Problem details: Look for the string "metis" in the listing below and copy every line in which it appears.

Records to use:
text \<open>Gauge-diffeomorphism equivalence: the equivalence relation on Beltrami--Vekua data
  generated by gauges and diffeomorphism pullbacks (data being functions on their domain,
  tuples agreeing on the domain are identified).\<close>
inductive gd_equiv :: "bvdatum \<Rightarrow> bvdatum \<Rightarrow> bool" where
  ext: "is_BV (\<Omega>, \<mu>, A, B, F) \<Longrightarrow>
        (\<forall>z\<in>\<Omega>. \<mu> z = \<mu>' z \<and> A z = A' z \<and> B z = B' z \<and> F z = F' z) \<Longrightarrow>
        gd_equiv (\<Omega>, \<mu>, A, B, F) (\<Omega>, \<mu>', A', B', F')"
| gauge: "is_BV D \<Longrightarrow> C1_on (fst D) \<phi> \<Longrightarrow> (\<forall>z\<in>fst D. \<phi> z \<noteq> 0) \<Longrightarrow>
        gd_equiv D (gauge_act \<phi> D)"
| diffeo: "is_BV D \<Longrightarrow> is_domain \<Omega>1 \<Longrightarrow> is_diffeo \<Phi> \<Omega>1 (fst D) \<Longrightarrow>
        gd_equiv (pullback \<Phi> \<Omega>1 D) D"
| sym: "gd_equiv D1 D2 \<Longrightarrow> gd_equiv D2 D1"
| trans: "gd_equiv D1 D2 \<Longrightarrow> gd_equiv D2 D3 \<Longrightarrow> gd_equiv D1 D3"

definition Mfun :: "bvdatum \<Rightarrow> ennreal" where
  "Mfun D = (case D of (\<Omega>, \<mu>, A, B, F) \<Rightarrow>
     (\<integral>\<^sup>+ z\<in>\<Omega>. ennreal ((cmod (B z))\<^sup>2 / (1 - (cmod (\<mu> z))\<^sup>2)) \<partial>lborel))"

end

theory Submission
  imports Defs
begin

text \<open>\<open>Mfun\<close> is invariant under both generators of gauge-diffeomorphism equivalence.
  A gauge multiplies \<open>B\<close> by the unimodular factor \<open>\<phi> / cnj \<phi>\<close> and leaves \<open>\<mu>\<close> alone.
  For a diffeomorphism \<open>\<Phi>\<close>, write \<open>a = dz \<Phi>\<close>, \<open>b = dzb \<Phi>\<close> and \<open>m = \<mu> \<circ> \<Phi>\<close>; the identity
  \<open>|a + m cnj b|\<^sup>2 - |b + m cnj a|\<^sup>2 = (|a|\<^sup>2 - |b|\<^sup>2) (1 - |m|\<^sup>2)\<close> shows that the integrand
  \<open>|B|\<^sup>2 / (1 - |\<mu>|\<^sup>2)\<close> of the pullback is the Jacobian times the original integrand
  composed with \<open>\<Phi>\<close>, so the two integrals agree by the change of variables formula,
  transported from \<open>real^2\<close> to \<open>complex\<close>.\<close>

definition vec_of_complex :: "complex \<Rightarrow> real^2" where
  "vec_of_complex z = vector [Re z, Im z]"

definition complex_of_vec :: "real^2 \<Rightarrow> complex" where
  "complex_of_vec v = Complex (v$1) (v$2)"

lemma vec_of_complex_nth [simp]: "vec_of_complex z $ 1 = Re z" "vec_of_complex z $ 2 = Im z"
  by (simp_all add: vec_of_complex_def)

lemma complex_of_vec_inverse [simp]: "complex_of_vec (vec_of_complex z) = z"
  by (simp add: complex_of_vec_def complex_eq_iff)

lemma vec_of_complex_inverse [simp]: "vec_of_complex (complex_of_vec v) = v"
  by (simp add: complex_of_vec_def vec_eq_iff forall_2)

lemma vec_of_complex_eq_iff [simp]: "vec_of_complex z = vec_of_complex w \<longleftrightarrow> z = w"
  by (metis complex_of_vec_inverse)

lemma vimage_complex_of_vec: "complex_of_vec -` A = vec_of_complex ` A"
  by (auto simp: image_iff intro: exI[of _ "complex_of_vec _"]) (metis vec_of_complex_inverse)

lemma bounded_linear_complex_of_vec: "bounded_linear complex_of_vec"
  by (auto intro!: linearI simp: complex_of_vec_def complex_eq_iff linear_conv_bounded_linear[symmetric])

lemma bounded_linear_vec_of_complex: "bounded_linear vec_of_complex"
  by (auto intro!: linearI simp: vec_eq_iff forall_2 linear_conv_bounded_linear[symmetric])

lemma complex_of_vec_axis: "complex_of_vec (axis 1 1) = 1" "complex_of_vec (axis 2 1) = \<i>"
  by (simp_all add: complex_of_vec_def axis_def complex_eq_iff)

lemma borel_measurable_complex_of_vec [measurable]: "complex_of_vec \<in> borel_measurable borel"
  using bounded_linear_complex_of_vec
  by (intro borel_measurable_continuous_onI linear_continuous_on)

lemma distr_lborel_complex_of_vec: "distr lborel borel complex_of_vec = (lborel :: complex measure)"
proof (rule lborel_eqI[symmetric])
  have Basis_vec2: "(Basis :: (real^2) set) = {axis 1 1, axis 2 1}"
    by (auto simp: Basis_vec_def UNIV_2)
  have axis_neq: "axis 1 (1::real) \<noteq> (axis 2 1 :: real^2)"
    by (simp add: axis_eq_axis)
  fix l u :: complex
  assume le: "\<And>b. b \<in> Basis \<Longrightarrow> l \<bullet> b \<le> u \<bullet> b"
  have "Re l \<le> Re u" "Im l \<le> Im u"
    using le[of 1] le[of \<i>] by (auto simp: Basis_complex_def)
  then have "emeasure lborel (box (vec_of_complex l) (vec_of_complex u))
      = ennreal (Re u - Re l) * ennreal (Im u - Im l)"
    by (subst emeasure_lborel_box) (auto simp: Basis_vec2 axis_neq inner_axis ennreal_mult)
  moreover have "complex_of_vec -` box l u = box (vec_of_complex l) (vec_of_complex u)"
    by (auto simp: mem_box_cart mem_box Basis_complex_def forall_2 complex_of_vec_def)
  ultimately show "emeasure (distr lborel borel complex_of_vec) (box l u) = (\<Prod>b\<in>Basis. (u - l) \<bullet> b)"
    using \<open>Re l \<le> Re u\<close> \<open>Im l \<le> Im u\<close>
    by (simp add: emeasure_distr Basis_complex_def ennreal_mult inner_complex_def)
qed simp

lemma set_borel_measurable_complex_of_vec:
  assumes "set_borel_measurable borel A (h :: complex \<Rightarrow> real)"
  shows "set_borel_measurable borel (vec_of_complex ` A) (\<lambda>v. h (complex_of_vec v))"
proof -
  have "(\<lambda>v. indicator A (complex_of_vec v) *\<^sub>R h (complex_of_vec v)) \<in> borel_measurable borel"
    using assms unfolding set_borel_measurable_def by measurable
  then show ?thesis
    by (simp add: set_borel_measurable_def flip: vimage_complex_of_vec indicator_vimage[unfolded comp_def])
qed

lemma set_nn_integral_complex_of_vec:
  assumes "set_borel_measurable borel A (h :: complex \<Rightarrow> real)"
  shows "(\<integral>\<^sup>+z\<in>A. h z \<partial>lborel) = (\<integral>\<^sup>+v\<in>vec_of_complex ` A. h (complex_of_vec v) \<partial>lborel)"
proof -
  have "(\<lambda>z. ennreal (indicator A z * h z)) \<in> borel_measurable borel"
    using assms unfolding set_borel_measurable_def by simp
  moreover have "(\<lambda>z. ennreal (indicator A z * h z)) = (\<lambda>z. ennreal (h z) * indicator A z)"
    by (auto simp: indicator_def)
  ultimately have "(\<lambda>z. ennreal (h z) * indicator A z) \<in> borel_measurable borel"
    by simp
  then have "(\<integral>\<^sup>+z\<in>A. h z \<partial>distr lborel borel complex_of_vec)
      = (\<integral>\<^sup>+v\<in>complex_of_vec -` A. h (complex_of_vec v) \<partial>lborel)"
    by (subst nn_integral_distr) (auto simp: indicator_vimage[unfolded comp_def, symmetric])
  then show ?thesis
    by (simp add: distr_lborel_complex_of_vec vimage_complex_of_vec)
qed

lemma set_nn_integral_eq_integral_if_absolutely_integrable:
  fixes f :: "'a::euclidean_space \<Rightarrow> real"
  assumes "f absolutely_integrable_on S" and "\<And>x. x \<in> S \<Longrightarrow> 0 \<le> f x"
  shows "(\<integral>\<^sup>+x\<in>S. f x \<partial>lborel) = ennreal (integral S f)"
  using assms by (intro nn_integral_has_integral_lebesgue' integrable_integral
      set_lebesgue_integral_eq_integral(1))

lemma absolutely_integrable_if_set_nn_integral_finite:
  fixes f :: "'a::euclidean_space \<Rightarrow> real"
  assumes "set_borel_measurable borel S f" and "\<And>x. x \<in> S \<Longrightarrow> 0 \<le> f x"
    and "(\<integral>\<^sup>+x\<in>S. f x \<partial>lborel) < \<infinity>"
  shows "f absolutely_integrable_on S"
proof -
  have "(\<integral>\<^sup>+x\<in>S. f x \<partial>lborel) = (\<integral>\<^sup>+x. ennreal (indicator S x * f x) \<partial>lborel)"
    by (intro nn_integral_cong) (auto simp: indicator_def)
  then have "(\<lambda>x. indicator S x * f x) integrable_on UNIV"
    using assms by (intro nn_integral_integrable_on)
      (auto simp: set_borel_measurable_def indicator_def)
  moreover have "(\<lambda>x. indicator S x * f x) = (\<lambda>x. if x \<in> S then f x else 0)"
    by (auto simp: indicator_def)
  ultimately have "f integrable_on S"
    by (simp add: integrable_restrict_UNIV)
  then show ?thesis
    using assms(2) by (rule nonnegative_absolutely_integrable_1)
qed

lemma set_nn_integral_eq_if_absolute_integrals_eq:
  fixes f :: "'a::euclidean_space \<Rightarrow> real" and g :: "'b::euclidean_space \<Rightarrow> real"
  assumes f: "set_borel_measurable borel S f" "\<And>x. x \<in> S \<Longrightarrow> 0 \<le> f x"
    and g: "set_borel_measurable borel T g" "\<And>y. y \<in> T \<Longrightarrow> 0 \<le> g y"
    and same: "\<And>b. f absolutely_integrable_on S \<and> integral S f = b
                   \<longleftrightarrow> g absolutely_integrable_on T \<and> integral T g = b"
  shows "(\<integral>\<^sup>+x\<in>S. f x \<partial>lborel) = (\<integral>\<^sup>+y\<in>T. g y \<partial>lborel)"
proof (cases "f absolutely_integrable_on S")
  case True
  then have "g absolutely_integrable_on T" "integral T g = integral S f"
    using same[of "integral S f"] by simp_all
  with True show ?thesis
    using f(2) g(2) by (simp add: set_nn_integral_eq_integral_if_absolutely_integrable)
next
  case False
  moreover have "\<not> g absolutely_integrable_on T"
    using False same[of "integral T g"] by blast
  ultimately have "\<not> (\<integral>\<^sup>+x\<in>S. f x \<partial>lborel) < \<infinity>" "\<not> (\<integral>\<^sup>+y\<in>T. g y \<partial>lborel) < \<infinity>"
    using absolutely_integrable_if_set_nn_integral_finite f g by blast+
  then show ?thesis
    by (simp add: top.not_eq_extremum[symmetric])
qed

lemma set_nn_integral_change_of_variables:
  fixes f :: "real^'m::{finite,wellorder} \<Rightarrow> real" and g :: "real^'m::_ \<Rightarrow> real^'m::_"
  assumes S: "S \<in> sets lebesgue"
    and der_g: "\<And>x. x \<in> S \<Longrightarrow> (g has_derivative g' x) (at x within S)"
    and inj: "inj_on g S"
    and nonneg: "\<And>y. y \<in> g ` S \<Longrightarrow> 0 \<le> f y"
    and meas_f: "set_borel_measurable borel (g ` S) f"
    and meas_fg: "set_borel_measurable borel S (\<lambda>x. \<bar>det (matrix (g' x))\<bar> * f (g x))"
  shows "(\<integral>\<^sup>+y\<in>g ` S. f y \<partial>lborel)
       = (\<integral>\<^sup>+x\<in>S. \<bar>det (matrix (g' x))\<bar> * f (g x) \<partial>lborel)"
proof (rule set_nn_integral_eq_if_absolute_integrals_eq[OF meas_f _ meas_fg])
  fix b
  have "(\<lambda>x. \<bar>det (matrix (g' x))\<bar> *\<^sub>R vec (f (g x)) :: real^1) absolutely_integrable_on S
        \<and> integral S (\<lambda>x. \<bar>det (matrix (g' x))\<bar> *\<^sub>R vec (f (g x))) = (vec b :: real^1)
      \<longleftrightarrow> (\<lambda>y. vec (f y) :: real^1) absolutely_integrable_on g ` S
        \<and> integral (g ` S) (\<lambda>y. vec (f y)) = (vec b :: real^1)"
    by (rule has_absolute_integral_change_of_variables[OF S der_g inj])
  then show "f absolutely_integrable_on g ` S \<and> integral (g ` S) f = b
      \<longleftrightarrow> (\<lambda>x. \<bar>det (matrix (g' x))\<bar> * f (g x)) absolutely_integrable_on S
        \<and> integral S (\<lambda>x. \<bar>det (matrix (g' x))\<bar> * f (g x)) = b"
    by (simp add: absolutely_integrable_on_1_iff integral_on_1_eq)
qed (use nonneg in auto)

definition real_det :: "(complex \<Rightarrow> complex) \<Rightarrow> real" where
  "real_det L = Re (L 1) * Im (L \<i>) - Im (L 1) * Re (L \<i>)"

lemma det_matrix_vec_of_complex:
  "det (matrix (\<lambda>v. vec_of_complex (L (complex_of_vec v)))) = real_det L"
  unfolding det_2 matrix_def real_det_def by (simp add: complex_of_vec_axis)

Expected answer:
  by (metis complex_of_vec_inverse)
  by (auto simp: image_iff intro: exI[of _ "complex_of_vec _"]) (metis vec_of_complex_inverse)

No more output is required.